--- DATA SUPPLIED Enclosed Below ---

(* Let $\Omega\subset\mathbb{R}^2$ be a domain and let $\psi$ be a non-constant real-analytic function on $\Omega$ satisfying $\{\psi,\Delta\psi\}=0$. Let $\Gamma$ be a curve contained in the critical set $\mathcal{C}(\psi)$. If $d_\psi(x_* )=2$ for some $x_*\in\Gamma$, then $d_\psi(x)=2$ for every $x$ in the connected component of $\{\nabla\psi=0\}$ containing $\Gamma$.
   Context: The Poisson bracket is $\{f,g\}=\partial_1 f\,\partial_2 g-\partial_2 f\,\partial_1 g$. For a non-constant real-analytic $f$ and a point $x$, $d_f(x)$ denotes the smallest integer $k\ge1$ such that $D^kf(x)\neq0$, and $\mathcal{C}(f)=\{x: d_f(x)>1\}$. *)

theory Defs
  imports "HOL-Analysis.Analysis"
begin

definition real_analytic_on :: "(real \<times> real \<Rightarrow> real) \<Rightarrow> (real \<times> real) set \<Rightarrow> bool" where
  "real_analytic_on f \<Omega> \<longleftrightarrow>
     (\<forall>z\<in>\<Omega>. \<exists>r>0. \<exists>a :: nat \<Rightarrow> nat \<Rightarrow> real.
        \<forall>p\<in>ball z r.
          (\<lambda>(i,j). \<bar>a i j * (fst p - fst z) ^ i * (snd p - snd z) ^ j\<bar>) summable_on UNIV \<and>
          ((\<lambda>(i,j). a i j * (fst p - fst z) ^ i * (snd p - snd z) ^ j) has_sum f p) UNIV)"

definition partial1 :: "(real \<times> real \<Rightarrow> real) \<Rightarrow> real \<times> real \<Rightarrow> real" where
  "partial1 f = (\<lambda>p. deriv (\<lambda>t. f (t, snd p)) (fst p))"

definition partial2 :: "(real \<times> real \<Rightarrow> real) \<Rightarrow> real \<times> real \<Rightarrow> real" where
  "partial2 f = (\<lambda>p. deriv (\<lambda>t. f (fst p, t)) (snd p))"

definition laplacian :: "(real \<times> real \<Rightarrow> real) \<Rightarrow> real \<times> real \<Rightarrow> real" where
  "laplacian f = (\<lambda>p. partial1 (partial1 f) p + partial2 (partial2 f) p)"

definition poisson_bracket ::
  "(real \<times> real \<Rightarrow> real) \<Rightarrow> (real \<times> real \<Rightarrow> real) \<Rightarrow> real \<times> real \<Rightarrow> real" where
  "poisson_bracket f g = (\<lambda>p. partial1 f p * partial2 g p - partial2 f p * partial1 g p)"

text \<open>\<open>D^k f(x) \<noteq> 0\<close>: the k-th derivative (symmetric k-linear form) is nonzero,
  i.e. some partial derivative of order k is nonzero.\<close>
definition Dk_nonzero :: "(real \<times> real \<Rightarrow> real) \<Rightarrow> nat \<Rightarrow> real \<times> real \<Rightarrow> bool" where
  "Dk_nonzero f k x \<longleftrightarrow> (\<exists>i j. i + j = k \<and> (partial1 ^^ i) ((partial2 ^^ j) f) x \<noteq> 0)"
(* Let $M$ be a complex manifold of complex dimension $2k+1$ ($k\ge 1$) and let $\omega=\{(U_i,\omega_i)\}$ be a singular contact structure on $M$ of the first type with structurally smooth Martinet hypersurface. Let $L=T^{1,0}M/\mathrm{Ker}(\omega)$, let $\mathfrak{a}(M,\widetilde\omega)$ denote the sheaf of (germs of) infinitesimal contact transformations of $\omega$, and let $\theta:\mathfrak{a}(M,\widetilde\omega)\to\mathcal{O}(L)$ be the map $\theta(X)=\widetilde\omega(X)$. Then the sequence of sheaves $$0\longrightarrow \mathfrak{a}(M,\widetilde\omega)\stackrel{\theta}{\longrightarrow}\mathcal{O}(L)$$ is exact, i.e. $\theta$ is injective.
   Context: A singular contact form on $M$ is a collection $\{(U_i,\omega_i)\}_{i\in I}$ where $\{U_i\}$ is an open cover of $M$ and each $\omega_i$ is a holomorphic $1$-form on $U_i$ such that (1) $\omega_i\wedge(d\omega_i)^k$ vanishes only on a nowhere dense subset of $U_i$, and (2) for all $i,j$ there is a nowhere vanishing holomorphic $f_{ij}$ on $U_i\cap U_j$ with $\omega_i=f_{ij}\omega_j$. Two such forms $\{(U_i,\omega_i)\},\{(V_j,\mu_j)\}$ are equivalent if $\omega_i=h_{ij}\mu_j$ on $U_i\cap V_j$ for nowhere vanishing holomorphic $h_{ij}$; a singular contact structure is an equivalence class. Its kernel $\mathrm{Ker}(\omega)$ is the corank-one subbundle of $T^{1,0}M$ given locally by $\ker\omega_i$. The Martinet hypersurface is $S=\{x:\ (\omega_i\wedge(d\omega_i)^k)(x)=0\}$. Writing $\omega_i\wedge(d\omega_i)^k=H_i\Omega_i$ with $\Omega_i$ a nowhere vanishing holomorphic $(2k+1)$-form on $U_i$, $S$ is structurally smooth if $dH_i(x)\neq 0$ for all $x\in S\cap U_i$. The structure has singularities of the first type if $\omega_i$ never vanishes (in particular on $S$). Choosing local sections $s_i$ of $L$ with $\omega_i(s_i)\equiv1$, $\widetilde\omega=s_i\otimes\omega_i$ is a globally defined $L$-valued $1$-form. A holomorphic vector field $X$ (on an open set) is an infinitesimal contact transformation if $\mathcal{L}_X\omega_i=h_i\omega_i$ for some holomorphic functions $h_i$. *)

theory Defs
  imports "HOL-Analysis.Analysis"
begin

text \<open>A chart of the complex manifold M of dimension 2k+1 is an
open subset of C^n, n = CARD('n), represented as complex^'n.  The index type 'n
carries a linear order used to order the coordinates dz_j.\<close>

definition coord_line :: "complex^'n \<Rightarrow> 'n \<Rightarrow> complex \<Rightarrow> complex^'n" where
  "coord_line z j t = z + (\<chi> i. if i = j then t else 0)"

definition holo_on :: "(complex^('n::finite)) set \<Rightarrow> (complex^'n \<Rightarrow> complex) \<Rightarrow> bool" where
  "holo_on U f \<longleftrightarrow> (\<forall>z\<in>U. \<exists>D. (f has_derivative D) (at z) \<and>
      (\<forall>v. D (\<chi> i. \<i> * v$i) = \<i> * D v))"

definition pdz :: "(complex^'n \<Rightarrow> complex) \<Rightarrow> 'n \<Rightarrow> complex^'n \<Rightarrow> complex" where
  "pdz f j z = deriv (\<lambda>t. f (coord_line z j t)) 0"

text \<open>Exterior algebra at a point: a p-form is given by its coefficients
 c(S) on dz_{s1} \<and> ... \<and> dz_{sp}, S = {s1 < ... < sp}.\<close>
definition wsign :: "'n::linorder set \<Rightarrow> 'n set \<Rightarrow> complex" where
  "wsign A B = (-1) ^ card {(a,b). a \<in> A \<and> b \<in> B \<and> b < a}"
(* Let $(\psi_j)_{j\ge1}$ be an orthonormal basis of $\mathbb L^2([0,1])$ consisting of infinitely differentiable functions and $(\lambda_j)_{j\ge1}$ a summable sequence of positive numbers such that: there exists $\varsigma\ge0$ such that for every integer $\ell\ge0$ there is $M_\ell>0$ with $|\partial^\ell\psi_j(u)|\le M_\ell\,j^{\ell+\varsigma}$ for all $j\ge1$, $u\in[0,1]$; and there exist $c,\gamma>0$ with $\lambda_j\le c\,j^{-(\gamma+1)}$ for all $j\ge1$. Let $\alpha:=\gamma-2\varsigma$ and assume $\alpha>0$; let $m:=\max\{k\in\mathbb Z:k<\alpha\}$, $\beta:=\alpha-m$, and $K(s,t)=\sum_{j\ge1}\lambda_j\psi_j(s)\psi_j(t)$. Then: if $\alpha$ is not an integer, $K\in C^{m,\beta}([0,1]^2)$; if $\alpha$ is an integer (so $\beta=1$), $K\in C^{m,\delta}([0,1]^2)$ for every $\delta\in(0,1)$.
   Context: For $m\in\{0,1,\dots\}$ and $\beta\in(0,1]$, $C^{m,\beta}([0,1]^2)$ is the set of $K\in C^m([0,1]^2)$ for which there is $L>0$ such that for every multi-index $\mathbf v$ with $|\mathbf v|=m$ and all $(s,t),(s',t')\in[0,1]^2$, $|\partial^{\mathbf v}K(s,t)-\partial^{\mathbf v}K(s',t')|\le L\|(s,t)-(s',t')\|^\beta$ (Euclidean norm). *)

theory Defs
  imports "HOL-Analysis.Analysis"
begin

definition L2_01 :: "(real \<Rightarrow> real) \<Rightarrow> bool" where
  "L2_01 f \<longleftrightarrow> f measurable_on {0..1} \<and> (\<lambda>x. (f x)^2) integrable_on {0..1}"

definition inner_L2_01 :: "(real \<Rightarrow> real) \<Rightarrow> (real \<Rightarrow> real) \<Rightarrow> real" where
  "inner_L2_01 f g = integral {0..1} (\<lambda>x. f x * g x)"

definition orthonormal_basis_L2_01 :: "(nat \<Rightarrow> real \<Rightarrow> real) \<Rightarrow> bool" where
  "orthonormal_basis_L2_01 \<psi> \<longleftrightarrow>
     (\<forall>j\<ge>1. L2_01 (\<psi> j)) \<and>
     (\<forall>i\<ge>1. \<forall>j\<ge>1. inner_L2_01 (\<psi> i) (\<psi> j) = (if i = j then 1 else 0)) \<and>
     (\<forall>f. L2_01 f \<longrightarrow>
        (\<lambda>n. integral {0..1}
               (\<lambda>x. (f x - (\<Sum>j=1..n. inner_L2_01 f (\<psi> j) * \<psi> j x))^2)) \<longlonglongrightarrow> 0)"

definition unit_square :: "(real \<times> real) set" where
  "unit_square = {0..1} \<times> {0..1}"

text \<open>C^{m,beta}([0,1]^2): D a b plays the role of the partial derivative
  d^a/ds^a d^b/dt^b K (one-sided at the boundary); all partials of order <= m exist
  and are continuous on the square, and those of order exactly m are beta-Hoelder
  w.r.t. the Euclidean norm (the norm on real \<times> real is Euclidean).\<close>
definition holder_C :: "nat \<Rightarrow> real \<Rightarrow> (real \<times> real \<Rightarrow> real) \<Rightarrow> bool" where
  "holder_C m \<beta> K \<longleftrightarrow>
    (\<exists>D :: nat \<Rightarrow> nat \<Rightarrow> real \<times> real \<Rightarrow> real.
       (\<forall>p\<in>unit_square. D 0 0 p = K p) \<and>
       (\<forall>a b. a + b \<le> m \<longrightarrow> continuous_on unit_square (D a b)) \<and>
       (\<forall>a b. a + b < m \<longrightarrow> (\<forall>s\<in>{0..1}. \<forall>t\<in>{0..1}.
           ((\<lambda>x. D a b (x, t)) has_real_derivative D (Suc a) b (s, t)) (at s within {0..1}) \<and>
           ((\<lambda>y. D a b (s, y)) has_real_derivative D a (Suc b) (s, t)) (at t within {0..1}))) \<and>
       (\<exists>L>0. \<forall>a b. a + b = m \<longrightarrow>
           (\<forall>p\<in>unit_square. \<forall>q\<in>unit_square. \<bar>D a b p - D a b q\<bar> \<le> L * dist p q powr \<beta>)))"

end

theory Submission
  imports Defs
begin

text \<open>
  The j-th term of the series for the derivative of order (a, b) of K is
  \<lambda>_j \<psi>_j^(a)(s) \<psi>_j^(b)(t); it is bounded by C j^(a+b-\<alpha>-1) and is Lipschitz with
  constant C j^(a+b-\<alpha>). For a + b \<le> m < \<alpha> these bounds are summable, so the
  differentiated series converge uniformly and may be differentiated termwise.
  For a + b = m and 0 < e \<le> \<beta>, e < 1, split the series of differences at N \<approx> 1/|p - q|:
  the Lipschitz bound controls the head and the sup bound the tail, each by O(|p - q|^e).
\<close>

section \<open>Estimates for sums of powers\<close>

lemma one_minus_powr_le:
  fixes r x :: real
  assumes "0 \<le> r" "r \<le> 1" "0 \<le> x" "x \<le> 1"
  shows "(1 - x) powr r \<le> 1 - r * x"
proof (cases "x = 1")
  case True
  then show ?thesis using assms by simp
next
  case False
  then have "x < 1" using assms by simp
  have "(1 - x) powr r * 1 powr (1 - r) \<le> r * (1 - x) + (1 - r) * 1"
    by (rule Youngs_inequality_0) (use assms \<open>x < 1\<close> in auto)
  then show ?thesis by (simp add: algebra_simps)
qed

--- End of Enclosed DATA SUPPLIED ---

● **EXERCISE REQUIREMENTS**: Return exactly the lines above from the line that has "(\<forall>a b. a + b \<le>" through the line that has "(\<exists>L>0. \<forall>a b.", inclusive, and nothing else.

● **EXERCISE RESPONSE**:
       (\<forall>a b. a + b \<le> m \<longrightarrow> continuous_on unit_square (D a b)) \<and>
       (\<forall>a b. a + b < m \<longrightarrow> (\<forall>s\<in>{0..1}. \<forall>t\<in>{0..1}.
           ((\<lambda>x. D a b (x, t)) has_real_derivative D (Suc a) b (s, t)) (at s within {0..1}) \<and>
           ((\<lambda>y. D a b (s, y)) has_real_derivative D a (Suc b) (s, t)) (at t within {0..1}))) \<and>
       (\<exists>L>0. \<forall>a b. a + b = m \<longrightarrow>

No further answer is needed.